====== Source material ======

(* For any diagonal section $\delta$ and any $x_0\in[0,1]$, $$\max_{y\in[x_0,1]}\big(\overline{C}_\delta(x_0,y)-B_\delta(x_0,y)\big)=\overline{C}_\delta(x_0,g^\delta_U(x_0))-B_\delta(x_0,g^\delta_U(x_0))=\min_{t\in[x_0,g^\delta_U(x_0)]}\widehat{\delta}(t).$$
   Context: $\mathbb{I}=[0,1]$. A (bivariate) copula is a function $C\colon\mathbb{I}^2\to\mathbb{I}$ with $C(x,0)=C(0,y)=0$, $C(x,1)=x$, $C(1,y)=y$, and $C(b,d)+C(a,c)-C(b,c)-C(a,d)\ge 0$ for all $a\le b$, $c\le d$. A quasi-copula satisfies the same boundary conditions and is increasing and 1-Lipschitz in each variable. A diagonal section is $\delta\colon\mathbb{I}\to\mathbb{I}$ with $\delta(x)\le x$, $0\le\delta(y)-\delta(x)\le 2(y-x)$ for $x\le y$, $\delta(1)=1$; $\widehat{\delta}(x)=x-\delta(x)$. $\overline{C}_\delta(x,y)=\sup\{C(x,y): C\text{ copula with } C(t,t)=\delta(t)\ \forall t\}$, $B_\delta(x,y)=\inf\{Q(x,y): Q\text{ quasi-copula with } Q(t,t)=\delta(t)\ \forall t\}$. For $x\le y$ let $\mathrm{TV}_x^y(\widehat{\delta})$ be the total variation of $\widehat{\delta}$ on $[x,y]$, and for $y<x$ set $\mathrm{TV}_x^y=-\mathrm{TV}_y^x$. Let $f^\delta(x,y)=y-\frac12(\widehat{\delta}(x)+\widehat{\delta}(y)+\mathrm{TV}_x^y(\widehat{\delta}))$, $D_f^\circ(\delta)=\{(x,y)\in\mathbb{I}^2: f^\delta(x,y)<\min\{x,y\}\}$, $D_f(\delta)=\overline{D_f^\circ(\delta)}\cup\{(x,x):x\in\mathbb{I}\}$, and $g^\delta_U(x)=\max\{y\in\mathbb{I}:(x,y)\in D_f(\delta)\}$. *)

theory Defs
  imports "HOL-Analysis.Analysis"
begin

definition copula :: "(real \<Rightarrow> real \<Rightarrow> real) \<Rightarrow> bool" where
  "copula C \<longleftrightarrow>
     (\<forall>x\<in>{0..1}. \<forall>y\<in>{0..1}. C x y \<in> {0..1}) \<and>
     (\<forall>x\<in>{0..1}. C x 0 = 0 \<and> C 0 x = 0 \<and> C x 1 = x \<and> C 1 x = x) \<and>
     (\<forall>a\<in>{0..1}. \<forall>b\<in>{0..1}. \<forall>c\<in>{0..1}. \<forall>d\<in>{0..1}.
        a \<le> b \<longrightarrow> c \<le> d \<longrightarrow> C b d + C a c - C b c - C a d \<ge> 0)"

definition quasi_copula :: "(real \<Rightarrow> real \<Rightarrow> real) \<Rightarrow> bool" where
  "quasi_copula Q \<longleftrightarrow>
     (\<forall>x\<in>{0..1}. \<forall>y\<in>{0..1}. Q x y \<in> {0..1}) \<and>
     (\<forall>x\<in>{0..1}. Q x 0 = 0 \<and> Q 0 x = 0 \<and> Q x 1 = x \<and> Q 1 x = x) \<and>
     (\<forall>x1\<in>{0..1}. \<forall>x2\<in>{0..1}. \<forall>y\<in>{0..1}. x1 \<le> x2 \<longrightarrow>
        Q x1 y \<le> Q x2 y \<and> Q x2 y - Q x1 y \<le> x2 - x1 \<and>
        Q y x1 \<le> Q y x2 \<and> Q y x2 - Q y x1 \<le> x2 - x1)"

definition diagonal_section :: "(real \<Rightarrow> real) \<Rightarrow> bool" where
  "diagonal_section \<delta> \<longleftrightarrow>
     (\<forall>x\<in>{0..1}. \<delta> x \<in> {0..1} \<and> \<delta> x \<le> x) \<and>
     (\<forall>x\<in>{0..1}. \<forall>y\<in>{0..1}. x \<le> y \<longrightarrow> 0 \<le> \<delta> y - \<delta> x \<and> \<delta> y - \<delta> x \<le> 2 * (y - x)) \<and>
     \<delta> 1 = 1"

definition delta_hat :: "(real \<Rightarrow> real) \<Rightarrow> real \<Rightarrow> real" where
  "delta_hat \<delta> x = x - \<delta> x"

======
====== Source material ======

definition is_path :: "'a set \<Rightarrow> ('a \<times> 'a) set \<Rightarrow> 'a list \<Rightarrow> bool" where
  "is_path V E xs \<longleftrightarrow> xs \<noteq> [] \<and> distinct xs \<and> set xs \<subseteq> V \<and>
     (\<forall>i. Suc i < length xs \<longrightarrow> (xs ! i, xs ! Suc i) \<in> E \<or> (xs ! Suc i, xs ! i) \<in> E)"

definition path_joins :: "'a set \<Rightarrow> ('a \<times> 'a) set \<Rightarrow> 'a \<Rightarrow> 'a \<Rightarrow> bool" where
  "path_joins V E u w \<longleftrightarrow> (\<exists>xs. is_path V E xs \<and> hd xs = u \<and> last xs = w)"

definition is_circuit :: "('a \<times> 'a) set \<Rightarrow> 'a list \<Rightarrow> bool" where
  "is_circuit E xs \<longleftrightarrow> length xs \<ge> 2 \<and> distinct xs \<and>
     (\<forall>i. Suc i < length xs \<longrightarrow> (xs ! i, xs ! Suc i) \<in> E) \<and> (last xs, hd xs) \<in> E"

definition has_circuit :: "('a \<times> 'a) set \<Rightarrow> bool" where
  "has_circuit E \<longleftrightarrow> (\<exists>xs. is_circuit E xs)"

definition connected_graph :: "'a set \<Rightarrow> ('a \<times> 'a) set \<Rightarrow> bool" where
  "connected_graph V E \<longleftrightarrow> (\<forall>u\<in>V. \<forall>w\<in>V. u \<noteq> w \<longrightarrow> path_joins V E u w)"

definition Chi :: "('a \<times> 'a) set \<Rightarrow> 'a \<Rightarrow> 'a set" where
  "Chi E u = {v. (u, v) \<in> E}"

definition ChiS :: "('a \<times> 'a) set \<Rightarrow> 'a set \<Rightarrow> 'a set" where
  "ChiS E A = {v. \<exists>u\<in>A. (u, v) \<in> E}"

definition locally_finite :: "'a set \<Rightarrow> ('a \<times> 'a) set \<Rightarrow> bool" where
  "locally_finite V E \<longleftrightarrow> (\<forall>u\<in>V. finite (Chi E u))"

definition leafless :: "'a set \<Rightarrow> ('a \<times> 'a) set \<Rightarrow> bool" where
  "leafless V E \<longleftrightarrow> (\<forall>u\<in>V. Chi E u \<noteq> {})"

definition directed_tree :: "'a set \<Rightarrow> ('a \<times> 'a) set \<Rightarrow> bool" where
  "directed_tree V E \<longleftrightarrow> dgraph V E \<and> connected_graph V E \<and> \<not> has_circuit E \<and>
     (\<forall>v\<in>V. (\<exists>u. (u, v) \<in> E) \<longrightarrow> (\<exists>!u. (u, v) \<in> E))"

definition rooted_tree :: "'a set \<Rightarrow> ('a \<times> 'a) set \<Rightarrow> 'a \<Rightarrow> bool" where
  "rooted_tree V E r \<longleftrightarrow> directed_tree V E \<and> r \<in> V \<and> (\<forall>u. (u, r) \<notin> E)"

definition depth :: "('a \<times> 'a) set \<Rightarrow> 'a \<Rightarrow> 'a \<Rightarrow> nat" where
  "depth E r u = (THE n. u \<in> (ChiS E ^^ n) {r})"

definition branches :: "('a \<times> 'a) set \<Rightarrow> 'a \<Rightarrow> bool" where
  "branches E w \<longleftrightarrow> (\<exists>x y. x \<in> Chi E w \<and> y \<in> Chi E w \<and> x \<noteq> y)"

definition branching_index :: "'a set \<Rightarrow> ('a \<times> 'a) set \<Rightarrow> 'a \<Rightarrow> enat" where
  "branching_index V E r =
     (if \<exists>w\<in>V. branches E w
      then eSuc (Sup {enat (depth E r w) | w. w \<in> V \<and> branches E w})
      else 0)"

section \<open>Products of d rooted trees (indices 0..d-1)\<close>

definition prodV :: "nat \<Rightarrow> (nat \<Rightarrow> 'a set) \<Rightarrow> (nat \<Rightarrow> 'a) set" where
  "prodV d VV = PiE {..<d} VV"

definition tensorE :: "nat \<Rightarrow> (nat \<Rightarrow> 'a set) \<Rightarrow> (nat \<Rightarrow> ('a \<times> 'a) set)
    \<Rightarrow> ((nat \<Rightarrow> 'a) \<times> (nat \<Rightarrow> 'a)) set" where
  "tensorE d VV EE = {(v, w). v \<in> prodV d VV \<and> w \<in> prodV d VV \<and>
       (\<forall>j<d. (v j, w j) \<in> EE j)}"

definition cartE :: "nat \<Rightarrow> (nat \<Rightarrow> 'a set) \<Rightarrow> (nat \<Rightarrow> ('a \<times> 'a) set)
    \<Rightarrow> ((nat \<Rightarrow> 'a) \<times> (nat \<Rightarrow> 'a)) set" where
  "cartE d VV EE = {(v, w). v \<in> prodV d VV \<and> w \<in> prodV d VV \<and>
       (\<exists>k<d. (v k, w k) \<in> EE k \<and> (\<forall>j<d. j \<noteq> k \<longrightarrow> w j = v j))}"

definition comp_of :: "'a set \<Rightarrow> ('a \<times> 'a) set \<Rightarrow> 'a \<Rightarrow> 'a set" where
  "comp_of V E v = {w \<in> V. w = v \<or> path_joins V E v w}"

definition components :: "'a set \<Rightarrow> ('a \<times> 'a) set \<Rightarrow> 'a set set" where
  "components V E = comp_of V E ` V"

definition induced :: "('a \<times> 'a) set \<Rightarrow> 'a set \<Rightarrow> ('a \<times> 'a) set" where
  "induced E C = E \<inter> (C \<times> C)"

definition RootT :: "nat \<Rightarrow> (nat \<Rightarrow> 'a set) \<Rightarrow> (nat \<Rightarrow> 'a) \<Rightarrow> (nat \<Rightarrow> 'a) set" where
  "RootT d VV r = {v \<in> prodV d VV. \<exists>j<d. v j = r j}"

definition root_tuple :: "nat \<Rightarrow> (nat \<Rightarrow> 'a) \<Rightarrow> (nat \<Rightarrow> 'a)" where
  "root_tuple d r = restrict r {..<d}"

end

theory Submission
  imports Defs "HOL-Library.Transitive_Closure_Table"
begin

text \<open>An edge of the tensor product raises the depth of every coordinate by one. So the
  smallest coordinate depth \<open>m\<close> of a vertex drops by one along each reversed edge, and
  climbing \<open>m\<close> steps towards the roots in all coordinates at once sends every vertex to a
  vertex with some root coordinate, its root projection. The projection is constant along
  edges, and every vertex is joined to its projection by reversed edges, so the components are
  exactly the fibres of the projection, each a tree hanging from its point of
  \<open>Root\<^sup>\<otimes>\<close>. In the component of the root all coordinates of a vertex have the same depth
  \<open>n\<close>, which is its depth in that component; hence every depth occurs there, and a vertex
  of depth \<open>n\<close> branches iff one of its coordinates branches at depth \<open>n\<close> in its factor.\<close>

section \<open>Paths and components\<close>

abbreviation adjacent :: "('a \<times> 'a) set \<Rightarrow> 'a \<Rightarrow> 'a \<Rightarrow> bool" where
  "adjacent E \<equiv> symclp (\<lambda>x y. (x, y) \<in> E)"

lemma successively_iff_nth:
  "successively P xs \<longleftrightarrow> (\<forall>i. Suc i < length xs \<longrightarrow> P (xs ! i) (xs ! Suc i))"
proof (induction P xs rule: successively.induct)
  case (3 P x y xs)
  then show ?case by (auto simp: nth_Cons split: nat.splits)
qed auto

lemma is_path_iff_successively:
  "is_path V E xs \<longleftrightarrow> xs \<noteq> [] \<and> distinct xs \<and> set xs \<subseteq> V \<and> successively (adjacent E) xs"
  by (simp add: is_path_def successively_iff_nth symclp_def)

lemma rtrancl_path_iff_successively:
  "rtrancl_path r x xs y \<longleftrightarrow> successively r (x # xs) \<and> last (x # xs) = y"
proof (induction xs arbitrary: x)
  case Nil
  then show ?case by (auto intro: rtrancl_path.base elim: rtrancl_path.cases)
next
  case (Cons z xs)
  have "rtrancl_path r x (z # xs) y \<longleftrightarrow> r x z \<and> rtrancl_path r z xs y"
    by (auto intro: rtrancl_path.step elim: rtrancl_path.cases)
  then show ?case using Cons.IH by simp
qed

======
====== Source material ======

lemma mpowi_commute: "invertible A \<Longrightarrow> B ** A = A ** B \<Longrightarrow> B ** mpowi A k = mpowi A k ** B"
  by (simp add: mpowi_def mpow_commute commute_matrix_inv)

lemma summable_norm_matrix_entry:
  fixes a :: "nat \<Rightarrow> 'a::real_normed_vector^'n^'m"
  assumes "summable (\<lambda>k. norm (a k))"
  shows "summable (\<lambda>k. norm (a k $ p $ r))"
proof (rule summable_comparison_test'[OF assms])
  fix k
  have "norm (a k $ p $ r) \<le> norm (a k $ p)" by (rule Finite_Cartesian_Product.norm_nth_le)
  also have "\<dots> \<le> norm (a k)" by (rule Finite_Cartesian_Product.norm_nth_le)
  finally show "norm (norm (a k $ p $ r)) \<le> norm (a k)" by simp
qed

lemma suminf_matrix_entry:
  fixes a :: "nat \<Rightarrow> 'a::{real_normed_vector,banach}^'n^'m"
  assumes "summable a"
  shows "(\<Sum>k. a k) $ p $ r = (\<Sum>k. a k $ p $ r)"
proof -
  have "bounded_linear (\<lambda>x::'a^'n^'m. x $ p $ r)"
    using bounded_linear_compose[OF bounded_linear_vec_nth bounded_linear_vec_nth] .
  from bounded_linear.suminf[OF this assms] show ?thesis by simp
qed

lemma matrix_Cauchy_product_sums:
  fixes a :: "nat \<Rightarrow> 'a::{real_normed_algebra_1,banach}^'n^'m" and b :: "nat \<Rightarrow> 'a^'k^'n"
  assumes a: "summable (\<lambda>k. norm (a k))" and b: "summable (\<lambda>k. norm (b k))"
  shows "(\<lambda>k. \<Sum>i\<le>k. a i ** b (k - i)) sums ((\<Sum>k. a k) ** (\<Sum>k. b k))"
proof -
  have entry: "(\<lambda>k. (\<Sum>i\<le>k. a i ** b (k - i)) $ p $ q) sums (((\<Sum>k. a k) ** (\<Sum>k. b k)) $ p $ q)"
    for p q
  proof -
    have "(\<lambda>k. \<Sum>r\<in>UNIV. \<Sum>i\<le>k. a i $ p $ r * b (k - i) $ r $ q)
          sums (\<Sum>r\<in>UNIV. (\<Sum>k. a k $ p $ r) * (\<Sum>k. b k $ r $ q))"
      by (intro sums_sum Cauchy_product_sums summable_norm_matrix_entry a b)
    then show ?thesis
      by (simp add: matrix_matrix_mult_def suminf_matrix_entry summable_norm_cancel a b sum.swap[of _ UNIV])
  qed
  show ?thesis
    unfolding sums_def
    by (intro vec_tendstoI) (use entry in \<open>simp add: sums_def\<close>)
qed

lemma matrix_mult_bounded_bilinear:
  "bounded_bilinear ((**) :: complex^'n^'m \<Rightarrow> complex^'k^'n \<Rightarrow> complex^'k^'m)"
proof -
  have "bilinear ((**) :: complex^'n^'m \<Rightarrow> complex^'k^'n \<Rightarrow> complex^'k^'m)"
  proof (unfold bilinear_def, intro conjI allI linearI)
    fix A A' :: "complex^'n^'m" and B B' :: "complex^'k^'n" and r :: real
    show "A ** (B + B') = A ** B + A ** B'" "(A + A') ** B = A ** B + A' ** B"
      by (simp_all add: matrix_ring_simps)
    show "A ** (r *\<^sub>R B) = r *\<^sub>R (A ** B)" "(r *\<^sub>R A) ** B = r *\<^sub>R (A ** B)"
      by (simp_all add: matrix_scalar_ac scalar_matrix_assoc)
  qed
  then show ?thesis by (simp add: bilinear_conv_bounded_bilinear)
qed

======

## Activity
Out of the records above, pull each line containing the word "Defs".

## Exercise solution
theory Defs
  imports Defs "HOL-Library.Transitive_Closure_Table"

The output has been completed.